Lithuanian AI Startup Kopa.ai Secures €2 Million Seed Funding to Expand E-Commerce Automation Platform

Kopa.ai, a Vilnius-based artificial intelligence company, has raised €2 million in Seed funding to accelerate the development of its agentic AI co-pilot designed for e-commerce teams. The round was co-led by XTX Ventures and Practica Capital, with participation from Inovia Capital.

The startup is addressing a fundamental challenge facing online retailers: the operational complexity that slows business growth. According to Kopa.ai, most e-commerce businesses could grow five to ten times faster if operational complexity wasn’t holding them back, as noted by the company’s leadership.

Targeting E-Commerce Operations

Kopa.ai’s platform functions as an AI assistant for e-commerce teams, automating routine operational tasks that currently consume significant time and resources. The agentic AI approach enables the system to independently manage workflows, make decisions within defined parameters, and handle complex operational scenarios that typically require manual intervention.

The fresh capital will be deployed across three strategic priorities: deepening the core technology that powers the platform, validating customer demand through expanded testing and partnerships, and refining the go-to-market motion to accelerate customer acquisition in the competitive e-commerce software space.

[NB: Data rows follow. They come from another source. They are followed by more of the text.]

lemma locally_finite_pieces: "locally_finite_nonisol X pieces"
  unfolding locally_finite_nonisol_def
proof
  fix y assume y: "y \<in> topspace X - isolated_pts X"
  obtain j x where jx: "x \<in> centres j" "y \<in> star_pt j x"
    using nonisolated_in_star_pt_centre[OF y] by blast
  obtain W i0 where W: "openin X W" "y \<in> W" and far: "\<forall>i\<ge>i0. \<forall>a. piece a i \<inter> W = {}"
    using late_pieces_vanish[OF y jx] by (elim exE conjE)
  define Q where "Q = W \<inter> star_pt i0 y"
  define near where "near i = {piece a i | a. a \<in> \<C> \<and> piece a i \<inter> star_pt i y \<noteq> {}}" for i
  have "{B \<in> pieces. B \<inter> Q \<noteq> {}} \<subseteq> (\<Union>i<i0. near i)"
  proof
    fix B assume "B \<in> {B \<in> pieces. B \<inter> Q \<noteq> {}}"
    then obtain a i where B: "B = piece a i" "a \<in> \<C>" "piece a i \<inter> Q \<noteq> {}"
      unfolding pieces_def by blast
    have i: "i < i0"
    proof (rule ccontr)
      assume "\<not> i < i0"
      then have "piece a i \<inter> W = {}" using far by simp
      then show False using B(3) unfolding Q_def by blast
    qed
    then have "Q \<subseteq> star_pt i y" unfolding Q_def using star_pt_antimono[of i i0 y] by auto
    then have "B \<in> near i" unfolding near_def using B by blast
    then show "B \<in> (\<Union>i<i0. near i)" using i by blast
  qed
  moreover have "finite (near i)" for i
    unfolding near_def by (rule finite_image_unique) (use piece_unique in blast)
  then have "finite (\<Union>i<i0. near i)" by simp
  ultimately have "finite {B \<in> pieces. B \<inter> Q \<noteq> {}}" by (rule finite_subset)
  moreover have "openin X Q" unfolding Q_def using W(1) openin_star_pt by (rule openin_Int)
  moreover have "y \<in> Q" unfolding Q_def using W(2) mem_star_pt y by auto
  ultimately show "\<exists>Q. openin X Q \<and> y \<in> Q \<and> finite {B \<in> pieces. B \<inter> Q \<noteq> {}}"
    by (intro exI[of _ Q]) simp
qed

end

lemma (in refining_dev) locally_finite_refinement:
  assumes openin_C: "\<And>U. U \<in> \<C> \<Longrightarrow> openin X U" and covers_C: "topspace X \<subseteq> \<Union>\<C>"
  shows "\<exists>\<R>. (\<forall>B\<in>\<R>. openin X B) \<and> refines \<R> \<C> \<and>
             topspace X - isolated_pts X \<subseteq> \<Union>\<R> \<and> locally_finite_nonisol X \<R>"
proof -
  obtain c where c_in: "\<forall>x\<in>\<Union>\<C>. c x \<in> \<C> \<and> x \<in> c x"
    and c_eq: "\<forall>x x'. x \<in> \<Union>\<C> \<longrightarrow> x' \<in> \<Union>\<C> \<longrightarrow> x' \<in> c x \<longrightarrow> x \<in> c x' \<longrightarrow> c x = c x'"
    using coherent_choice[of \<C>] by (elim exE conjE)
  interpret stone_refinement X G \<C> c
  proof (intro stone_refinement.intro[OF refining_dev_axioms] stone_refinement_axioms.intro)
    show "openin X U" if "U \<in> \<C>" for U
      using that by (rule openin_C)
    show "c x \<in> \<C> \<and> x \<in> c x" if "x \<in> topspace X" for x
      using c_in that covers_C by blast
    show "c x = c x'" if "x \<in> topspace X" "x' \<in> topspace X" "x' \<in> c x" "x \<in> c x'" for x x'
      using c_eq that covers_C by blast
  qed
  have "\<forall>B\<in>pieces. openin X B" unfolding pieces_def using openin_piece by blast
  moreover have "refines pieces \<C>" unfolding refines_def pieces_def using piece_subset by blast
  moreover have "topspace X - isolated_pts X \<subseteq> \<Union>pieces"
  proof
    fix y assume y: "y \<in> topspace X - isolated_pts X"
    then obtain j x where jx: "x \<in> centres j" "y \<in> star_pt j x"
      using nonisolated_in_star_pt_centre[OF y] by blast
    then have "y \<in> piece (c x) j" "c x \<in> \<C>"
      unfolding piece_def using c_mem[of x] unfolding centres_def by auto
    then show "y \<in> \<Union>pieces" unfolding pieces_def by blast
  qed
  ultimately show ?thesis using locally_finite_pieces by (intro exI[of _ pieces]) simp
qed


subsection \<open>From a refining strong development to a regular base\<close>

context refining_dev
begin

definition refinement_base :: "(nat \<Rightarrow> 'a set set) \<Rightarrow> 'a set set" where
  "refinement_base \<R> = (\<Union>k. \<R> k) \<union> {{y} | y. y \<in> isolated_pts X}"

lemma is_base_refinement_base:
  assumes open_R: "\<And>k B. B \<in> \<R> k \<Longrightarrow> openin X B" and refines_R: "\<And>k. refines (\<R> k) (G k)"
    and covers_R: "\<And>k. topspace X - isolated_pts X \<subseteq> \<Union>(\<R> k)"
  shows "is_base X (refinement_base \<R>)"
  unfolding is_base_def
proof (intro conjI ballI allI impI)
  fix B assume "B \<in> refinement_base \<R>"
  then show "openin X B"
    unfolding refinement_base_def using open_R openin_isolated_singleton by auto
next
  fix U x assume Ux: "openin X U \<and> x \<in> U"
  show "\<exists>B\<in>refinement_base \<R>. x \<in> B \<and> B \<subseteq> U"
  proof (cases "x \<in> isolated_pts X")
    case True
    then show ?thesis using Ux unfolding refinement_base_def by blast
  next
    case False
    then have x: "x \<in> topspace X - isolated_pts X" using Ux openin_subset by blast
    have "nbhd X x U" using Ux by (intro nbhd_openin) auto
    then obtain V m where V: "nbhd X x V" "star V (G m) \<subseteq> U" using strong_G[OF x] by blast
    obtain B where B: "B \<in> \<R> m" "x \<in> B" using covers_R x by blast
    then obtain T where T: "T \<in> G m" "B \<subseteq> T" using refines_R unfolding refines_def by blast
    have "T \<inter> V \<noteq> {}" using T(2) B(2) nbhd_mem[OF V(1)] by blast
    then have "T \<subseteq> star V (G m)" using T(1) by (intro late_member_subset_star) auto
    then have "B \<subseteq> U" using T(2) V(2) by blast
    then show ?thesis using B unfolding refinement_base_def by blast
  qed
qed
lemma DERIV2_local_min_nonneg:
  fixes f f' :: "real \<Rightarrow> real"
  assumes "a < x" "x < b"
    and f': "\<And>y. a < y \<Longrightarrow> y < b \<Longrightarrow> (f has_real_derivative f' y) (at y)"
    and f'': "(f' has_real_derivative D) (at x)"
    and min: "\<And>y. a < y \<Longrightarrow> y < b \<Longrightarrow> f x \<le> f y"
  shows "0 \<le> D"
proof (rule ccontr)
  assume "\<not> 0 \<le> D"
  then obtain d where d: "d > 0" "\<And>h. 0 < h \<Longrightarrow> h < d \<Longrightarrow> f' (x + h) < f' x"
    using DERIV_neg_dec_right[OF f''] by force
  have "f' x = 0"
    by (rule DERIV_local_min[OF f'[OF assms(1,2)], of "min (x - a) (b - x)"])
      (use assms min in auto)
  define h where "h = min d (b - x) / 2"
  have h: "0 < h" "h < d" "x + h < b"
    using d assms(2) unfolding h_def by (auto simp: min_def field_simps)
  obtain z where z: "x < z" "z < x + h" "f (x + h) - f x = h * f' z"
    using MVT2[of x "x + h" f f'] f' h assms(1) by force
  have "f' z < 0" using d(2)[of "z - x"] z h \<open>f' x = 0\<close> by auto
  then have "h * f' z < 0" using h(1) by (simp add: mult_pos_neg)
  with z(3) have "f (x + h) < f x" by simp
  with min[of "x + h"] h assms(1) show False by auto
qed

lemma compact_Qbar:
  assumes "continuous_on {0..T} s" "\<And>t. t \<in> {0..T} \<Longrightarrow> 0 \<le> s t"
  shows "compact (Qbar T s)"
proof -
  define \<phi> where "\<phi> = (\<lambda>(u, t). (u * s t, t :: real))"
  have "continuous_on ({0..1} \<times> {0..T}) (\<lambda>p. s (snd p))"
    by (rule continuous_on_compose2[OF assms(1)]) (auto simp: continuous_on_snd)
  then have "continuous_on ({0..1} \<times> {0..T}) \<phi>"
    unfolding \<phi>_def case_prod_unfold by (intro continuous_intros)
  then have "compact (\<phi> ` ({0..1} \<times> {0..T}))"
    by (intro compact_continuous_image compact_Times) auto
  moreover have "\<phi> ` ({0..1} \<times> {0..T}) \<subseteq> Qbar T s"
    using assms(2) by (auto simp: \<phi>_def Qbar_def mult_left_le_one_le)
  moreover have "Qbar T s \<subseteq> \<phi> ` ({0..1} \<times> {0..T})"
  proof (rule subsetI, clarify)
    fix x t assume xt: "(x, t) \<in> Qbar T s"
    define u where "u = (if s t = 0 then 0 else x / s t)"
    have "(u, t) \<in> {0..1} \<times> {0..T}" "(x, t) = \<phi> (u, t)"
      using xt by (auto simp: u_def \<phi>_def Qbar_def)
    then show "(x, t) \<in> \<phi> ` ({0..1} \<times> {0..T})" by blast
  qed
  ultimately show ?thesis by (metis subset_antisym)
qed

lemma integral_le_integral_extended:
  fixes f g :: "real \<Rightarrow> real"
  assumes "a \<le> b" "b \<le> c" "continuous_on {a..b} f" "continuous_on {a..c} g"
    and "\<And>x. x \<in> {a..b} \<Longrightarrow> f x \<le> g x" "\<And>x. x \<in> {b..c} \<Longrightarrow> 0 \<le> g x"
  shows "integral {a..b} f \<le> integral {a..c} g"
proof -
  have g_ab: "g integrable_on {a..b}"
    by (rule integrable_continuous_interval[OF continuous_on_subset[OF assms(4)]]) (use assms(2) in auto)
  have g_bc: "g integrable_on {b..c}"
    by (rule integrable_continuous_interval[OF continuous_on_subset[OF assms(4)]]) (use assms(1) in auto)
  have "integral {a..b} f \<le> integral {a..b} g"
    by (rule integral_le[OF integrable_continuous_interval[OF assms(3)] g_ab assms(5)])
  also have "\<dots> \<le> integral {a..b} g + integral {b..c} g"
    using integral_nonneg[OF g_bc assms(6)] by simp
  also have "\<dots> = integral {a..c} g"
    by (rule Henstock_Kurzweil_Integration.integral_combine[OF assms(1,2)
          integrable_continuous_interval[OF assms(4)]])
  finally show ?thesis .
qed

lemma continuous_on_Qbar_slice:
  assumes "continuous_on (Qbar T s) (\<lambda>(x, t). U x t)" "t \<in> {0..T}"
  shows "continuous_on {0..s t} (\<lambda>x. U x t)"
proof -
  have "(\<lambda>x. (x, t)) ` {0..s t} \<subseteq> Qbar T s" using assms(2) by (auto simp: Qbar_def)
  moreover have "continuous_on {0..s t} (\<lambda>x. (x, t))" by (intro continuous_intros)
  ultimately show ?thesis
    using continuous_on_compose2[OF assms(1)] by fastforce
qed

locale boundary_domain =
  fixes T :: real and s :: "real \<Rightarrow> real"
  assumes T_pos: "0 < T"
    and s_cont: "continuous_on {0..T} s"
    and s_0: "s 0 = 0"
    and s_pos: "\<And>t. 0 < t \<Longrightarrow> t \<le> T \<Longrightarrow> 0 < s t"
begin

lemma s_nonneg: "t \<in> {0..T} \<Longrightarrow> 0 \<le> s t"
  using s_0 s_pos by (cases "t = 0") (auto simp: less_eq_real_def)

lemma compact_Qbar_upto: "t0 \<le> T \<Longrightarrow> compact (Qbar t0 s)"
  by (rule compact_Qbar) (auto intro: continuous_on_subset[OF s_cont] s_nonneg)

lemma Qbar_upto_subset: "t0 \<le> T \<Longrightarrow> Qbar t0 s \<subseteq> Qbar T s"
  by (auto simp: Qbar_def)

lemma eventually_at_left_Qdom:
  assumes "(x, t) \<in> Qdom T s"
  shows "eventually (\<lambda>\<tau>. (x, \<tau>) \<in> Qdom T s) (at_left t)"
proof -
  have t: "0 < t" "t < T" and x: "0 < x" "x < s t" using assms by (auto simp: Qdom_def)
  have "isCont s t"
    using continuous_on_interior[OF s_cont] t by simp
  then have "eventually (\<lambda>\<tau>. x < s \<tau>) (at t)"
    using x(2) by (auto intro: order_tendstoD(1) simp: isCont_def)
  then have "eventually (\<lambda>\<tau>. x < s \<tau>) (at_left t)"
    by (simp add: eventually_at_split)
  moreover have "eventually (\<lambda>\<tau>. 0 < \<tau> \<and> \<tau> < T) (at_left t)"
    unfolding eventually_at_left_field using t by (intro exI[of _ 0]) auto
  ultimately show ?thesis
    by eventually_elim (use x in \<open>auto simp: Qdom_def\<close>)
qed

end

lemma boundary_domain_if_boundary_function:
  "0 < T \<Longrightarrow> boundary_function T s \<Longrightarrow> boundary_domain T s"
  unfolding boundary_function_def boundary_domain_def by auto

locale heat_solution = boundary_domain +
  fixes W Wx Wxx Wt :: "real \<Rightarrow> real \<Rightarrow> real"
  assumes W_cont: "continuous_on (Qbar T s) (\<lambda>(x, t). W x t)"
    and W_x: "\<And>x t. (x, t) \<in> Qbar T s \<Longrightarrow> 0 < t \<Longrightarrow>
      ((\<lambda>y. W y t) has_real_derivative Wx x t) (at x within {0..s t})"
    and W_xx: "\<And>x t. (x, t) \<in> Qdom T s \<Longrightarrow> ((\<lambda>y. Wx y t) has_real_derivative Wxx x t) (at x)"
    and W_t: "\<And>x t. (x, t) \<in> Qdom T s \<Longrightarrow> ((\<lambda>\<tau>. W x \<tau>) has_real_derivative Wt x t) (at t)"
    and heat_eq: "\<And>x t. (x, t) \<in> Qdom T s \<Longrightarrow> Wt x t = Wxx x t"
begin

lemma penalized_min_on_free_boundary:
  assumes flux: "\<And>t. 0 < t \<Longrightarrow> t \<le> T \<Longrightarrow> Wx 0 t \<le> 0"
    and "0 < \<epsilon>" "t0 < T" and x1t1: "(x1, t1) \<in> Qbar t0 s"
    and min: "\<And>x t. (x, t) \<in> Qbar t0 s \<Longrightarrow> W x1 t1 + \<epsilon> * (t1 - x1) \<le> W x t + \<epsilon> * (t - x)"
  shows "x1 = s t1"
proof (rule ccontr)
  assume "x1 \<noteq> s t1"
  define Z where "Z x t = W x t + \<epsilon> * (t - x)" for x t
  have x1: "0 \<le> x1" "x1 < s t1" and "0 \<le> t1" "t1 \<le> t0"
    using x1t1 \<open>x1 \<noteq> s t1\<close> by (auto simp: Qbar_def)
  then have t1: "0 < t1" "t1 < T" using s_0 \<open>t0 < T\<close> by (auto simp: less_eq_real_def)
  have slice: "(y, t1) \<in> Qbar t0 s" if "y \<in> {0..s t1}" for y
    using that \<open>0 \<le> t1\<close> \<open>t1 \<le> t0\<close> by (simp add: Qbar_def)
  have Z_x: "((\<lambda>y. Z y t1) has_real_derivative Wx y t1 - \<epsilon>) (at y within {0..s t1})"
    if "y \<in> {0..s t1}" for y
  proof -
    have "(y, t1) \<in> Qbar T s" using slice[OF that] Qbar_upto_subset[of t0] \<open>t0 < T\<close> by auto
    from W_x[OF this t1(1)] show ?thesis unfolding Z_def by (auto intro!: derivative_eq_intros)
  qed
  consider "x1 = 0" | "0 < x1" using x1 by linarith
  then show False
  proof cases
    case 1
    have "0 \<le> Wx 0 t1 - \<epsilon>"
      using DERIV_left_endpoint_min_nonneg[OF Z_x[of 0]] s_pos t1 min slice 1
      by (auto simp: Z_def)
    with flux[of t1] t1 \<open>0 < \<epsilon>\<close> show False by auto
  next
    case 2
    then have Q: "(x1, t1) \<in> Qdom T s" using x1 t1 by (simp add: Qdom_def)
    have "eventually (\<lambda>\<tau>. (x1, \<tau>) \<in> Qdom T s \<and> \<tau> < t1) (at_left t1)"
      using eventually_at_left_Qdom[OF Q] by (simp add: eventually_conj eventually_at_filter)
    then have "eventually (\<lambda>\<tau>. Z x1 t1 \<le> Z x1 \<tau>) (at_left t1)"
      by eventually_elim (use min \<open>t1 \<le> t0\<close> in \<open>auto simp: Z_def Qdom_def Qbar_def\<close>)
    moreover have "((\<lambda>\<tau>. Z x1 \<tau>) has_real_derivative Wt x1 t1 + \<epsilon>) (at t1)"
      unfolding Z_def using W_t[OF Q] by (auto intro!: derivative_eq_intros)
    ultimately have Z_t: "Wt x1 t1 + \<epsilon> \<le> 0"
      using DERIV_left_local_min_nonpos by blast
    have "((\<lambda>y. Z y t1) has_real_derivative Wx y t1 - \<epsilon>) (at y)" if "0 < y" "y < s t1" for y
      using Z_x[of y] that at_within_interior[of y "{0..s t1}"] by auto
    moreover have "((\<lambda>y. Wx y t1 - \<epsilon>) has_real_derivative Wxx x1 t1) (at x1)"
      using W_xx[OF Q] by (auto intro!: derivative_eq_intros)
    ultimately have Z_xx: "0 \<le> Wxx x1 t1"
      by (rule DERIV2_local_min_nonneg[OF 2 x1(2)]) (use min slice in \<open>auto simp: Z_def\<close>)
    from Z_t Z_xx heat_eq[OF Q] \<open>0 < \<epsilon>\<close> show False by simp
  qed
qed
lemma real_algebraic_set_orthogonal_complement:
  "finite U \<Longrightarrow> real_algebraic_set {x. \<forall>u\<in>U. inner u x = 0}"
  unfolding real_algebraic_set_def
  by (rule exI[of _ "(\<lambda>u x. inner u x) ` U"]) (auto simp: poly_fun_inner)

lemma real_algebraic_set_closed:
  assumes "real_algebraic_set S"
  shows "closed S"
proof -
  obtain P where P: "P \<subseteq> poly_fun" "S = (\<Inter>p\<in>P. {x. p x = 0})"
    using assms unfolding real_algebraic_set_def by blast
  have "closed {x. p x = 0}" if "p \<in> P" for p
    using closed_Collect_eq[OF poly_fun_continuous continuous_on_const] that P(1) by blast
  then show ?thesis using P(2) by auto
qed

section \<open>Null sets of families diagonal in an orthonormal basis\<close>

lemma zero_in_closure_image_dominated:
  fixes f g :: "'i \<Rightarrow> 'a::real_normed_vector"
  assumes "0 \<in> closure (g ` I)" and dom: "\<And>i. i \<in> I \<Longrightarrow> norm (f i) \<le> K * norm (g i)"
  shows "0 \<in> closure (f ` I)"
  unfolding closure_approachable dist_norm
proof (intro allI impI)
  fix e :: real assume "e > 0"
  then have "e / (\<bar>K\<bar> + 1) > 0" by simp
  with assms(1) obtain y where "y \<in> g ` I" "norm (y - 0) < e / (\<bar>K\<bar> + 1)"
    unfolding closure_approachable dist_norm by blast
  then obtain i where i: "i \<in> I" "norm (g i) < e / (\<bar>K\<bar> + 1)" by auto
  have "norm (f i) \<le> \<bar>K\<bar> * norm (g i)"
    using dom[OF i(1)] by (meson abs_ge_self mult_right_mono norm_ge_zero order_trans)
  also have "\<dots> \<le> (\<bar>K\<bar> + 1) * norm (g i)" by (simp add: distrib_right)
  also have "\<dots> < (\<bar>K\<bar> + 1) * (e / (\<bar>K\<bar> + 1))"
    using i(2) by (intro mult_strict_left_mono) auto
  also have "\<dots> = e" by simp
  finally show "\<exists>y\<in>f ` I. norm (y - 0) < e" using i(1) by auto
qed

lemma diagonal_norm_le_support_ratio:
  fixes f :: "'a::euclidean_space \<Rightarrow> 'a"
  assumes B: "orthonormal B" "span B = UNIV"
    and diag: "\<And>u x. u \<in> B \<Longrightarrow> inner u (f x) = c u * inner u x"
    and supp: "\<And>u. u \<in> B \<Longrightarrow> inner u y = 0 \<Longrightarrow> inner u x = 0"
  shows "norm (f x) \<le> (\<Sum>u\<in>B. \<bar>inner u x\<bar> / \<bar>inner u y\<bar>) * norm (f y)"
  \<comment> \<open>Terms with \<open>inner u y = 0\<close> are \<open>0\<close> by the convention \<open>a / 0 = 0\<close>, harmlessly so by \<open>supp\<close>.\<close>
proof -
  have unit: "norm u = 1" if "u \<in> B" for u
    using B(1) that unfolding orthonormal_def by blast
  have "norm (f x) \<le> (\<Sum>u\<in>B. norm (inner u (f x) *\<^sub>R u))"
    by (subst orthonormal_basis_expansion[OF B]) (rule norm_sum)
  also have "\<dots> = (\<Sum>u\<in>B. \<bar>inner u x\<bar> / \<bar>inner u y\<bar> * \<bar>inner u (f y)\<bar>)"
  proof (rule sum.cong)
    fix u assume "u \<in> B"
    show "norm (inner u (f x) *\<^sub>R u) = \<bar>inner u x\<bar> / \<bar>inner u y\<bar> * \<bar>inner u (f y)\<bar>"
    proof (cases "inner u y = 0")
      case True
      then show ?thesis using supp diag \<open>u \<in> B\<close> by simp
    next
      case False
      then show ?thesis using diag unit \<open>u \<in> B\<close> by (simp add: abs_mult)
    qed
  qed simp
  also have "\<dots> \<le> (\<Sum>u\<in>B. \<bar>inner u x\<bar> / \<bar>inner u y\<bar> * norm (f y))"
  proof (intro sum_mono mult_left_mono)
    fix u assume "u \<in> B"
    then show "\<bar>inner u (f y)\<bar> \<le> norm (f y)"
      using Cauchy_Schwarz_ineq2[of u "f y"] unit by simp
  qed simp
  finally show ?thesis by (simp add: sum_distrib_right)
qed

lemma real_algebraic_set_diagonal_null_set:
  fixes g :: "'i \<Rightarrow> real^'n \<Rightarrow> real^'n"
  assumes B: "orthonormal B" "span B = UNIV"
    and diag: "\<And>i u x. i \<in> I \<Longrightarrow> u \<in> B \<Longrightarrow> inner u (g i x) = c i u * inner u x"
  shows "real_algebraic_set {x. 0 \<in> closure ((\<lambda>i. g i x) ` I)}"
proof -
  define Z where "Z = {x. 0 \<in> closure ((\<lambda>i. g i x) ` I)}"
  define zeros where "zeros y = {u\<in>B. inner u y = 0}" for y
  have Z_eq: "Z = (\<Union>T\<in>zeros ` Z. {x. \<forall>u\<in>T. inner u x = 0})"
  proof (intro equalityI subsetI)
    fix x assume "x \<in> (\<Union>T\<in>zeros ` Z. {x. \<forall>u\<in>T. inner u x = 0})"
    then obtain y where "y \<in> Z" and supp: "\<And>u. u \<in> B \<Longrightarrow> inner u y = 0 \<Longrightarrow> inner u x = 0"
      unfolding zeros_def by auto
    have "0 \<in> closure ((\<lambda>i. g i x) ` I)"
    proof (rule zero_in_closure_image_dominated)
      show "0 \<in> closure ((\<lambda>i. g i y) ` I)" using \<open>y \<in> Z\<close> unfolding Z_def by simp
      show "norm (g i x) \<le> (\<Sum>u\<in>B. \<bar>inner u x\<bar> / \<bar>inner u y\<bar>) * norm (g i y)" if "i \<in> I" for i
        using diagonal_norm_le_support_ratio[OF B diag[OF that] supp] .
    qed
    then show "x \<in> Z" unfolding Z_def by simp
  qed (auto simp: zeros_def)
  have "finite (zeros ` Z)"
    by (rule finite_subset[of _ "Pow B"]) (auto simp: zeros_def orthonormal_finite[OF B(1)])
  moreover have "finite T" if "T \<in> zeros ` Z" for T
    using that orthonormal_finite[OF B(1)] unfolding zeros_def by auto
  ultimately have "real_algebraic_set (\<Union>T\<in>zeros ` Z. {x. \<forall>u\<in>T. inner u x = 0})"
    by (intro real_algebraic_set_Union) (auto intro: real_algebraic_set_orthogonal_complement)
  then show ?thesis using Z_eq unfolding Z_def by simp
qed

theorem mainTheorem5:
  fixes \<aa> :: "(real^'n^'n) set"
  assumes "subspace \<aa>"
    and "\<And>X. X \<in> \<aa> \<Longrightarrow> transpose X = X"
    and "\<And>X Y. X \<in> \<aa> \<Longrightarrow> Y \<in> \<aa> \<Longrightarrow> X ** Y = Y ** X"
  shows "real_algebraic_set {x :: real^'n. 0 \<in> closure ((\<lambda>X. mexp X *v x) ` \<aa>)}
       \<and> closed {x :: real^'n. 0 \<in> closure ((\<lambda>X. mexp X *v x) ` \<aa>)}"
proof -
  obtain B where "orthonormal_eigenbasis \<aa> UNIV B"
    using orthonormal_eigenbasis_exists[OF assms(2,3) subspace_UNIV] by blast
  then have B: "orthonormal B" "span B = UNIV"
    and "\<forall>X\<in>\<aa>. \<forall>u\<in>B. \<exists>c. X *v u = c *\<^sub>R u"
    unfolding orthonormal_eigenbasis_def by auto
  then obtain lam where lam: "\<And>X u. X \<in> \<aa> \<Longrightarrow> u \<in> B \<Longrightarrow> X *v u = lam X u *\<^sub>R u"
    by metis
  have "inner u (mexp X *v x) = exp (lam X u) * inner u x" if "X \<in> \<aa>" "u \<in> B" for X u x
    using inner_mexp_eigenbasis[OF B lam[OF that(1)] that(2)] .
  then have "real_algebraic_set {x. 0 \<in> closure ((\<lambda>X. mexp X *v x) ` \<aa>)}"
    by (rule real_algebraic_set_diagonal_null_set[OF B])
  then show ?thesis using real_algebraic_set_closed by blast
qed

end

Building on Growing Interest in Agentic AI

The investment reflects broader investor confidence in agentic AI solutions—autonomous systems capable of executing tasks with minimal human intervention. This category has attracted significant attention as companies seek to move beyond traditional chatbots toward practical, production-ready automation tools that deliver measurable business impact.

For Kopa.ai, the funding positions the startup to compete in a market where e-commerce operations software remains fragmented and often relies on manual processes or basic automation. By offering an intelligent co-pilot that understands business context and operational requirements, the company aims to reduce friction in critical workflows such as inventory management, order processing, and customer communications.

European AI and Startup Momentum

The funding news underscores Lithuania’s growing significance as a hub for AI innovation within the European startup ecosystem. Vilnius has emerged as a competitive location for technology startups, combining access to talent with relatively lower operational costs compared to Western European hubs. Recent years have seen increased venture capital activity in the Baltic region, particularly in artificial intelligence and software-as-a-service sectors.

The participation of international investors—XTX Ventures and Inovia Capital operate across multiple continents—signals recognition that compelling deep-tech solutions are emerging from Central and Eastern European founders. As European startups continue building AI applications targeting specific industry verticals, companies like Kopa.ai represent a shift toward solving concrete business problems rather than pursuing generalized AI solutions.

The startup’s focus on e-commerce automation reflects a pragmatic approach to AI commercialization, targeting a sector where efficiency gains translate directly to revenue impact and where adoption barriers remain lower than in heavily regulated industries.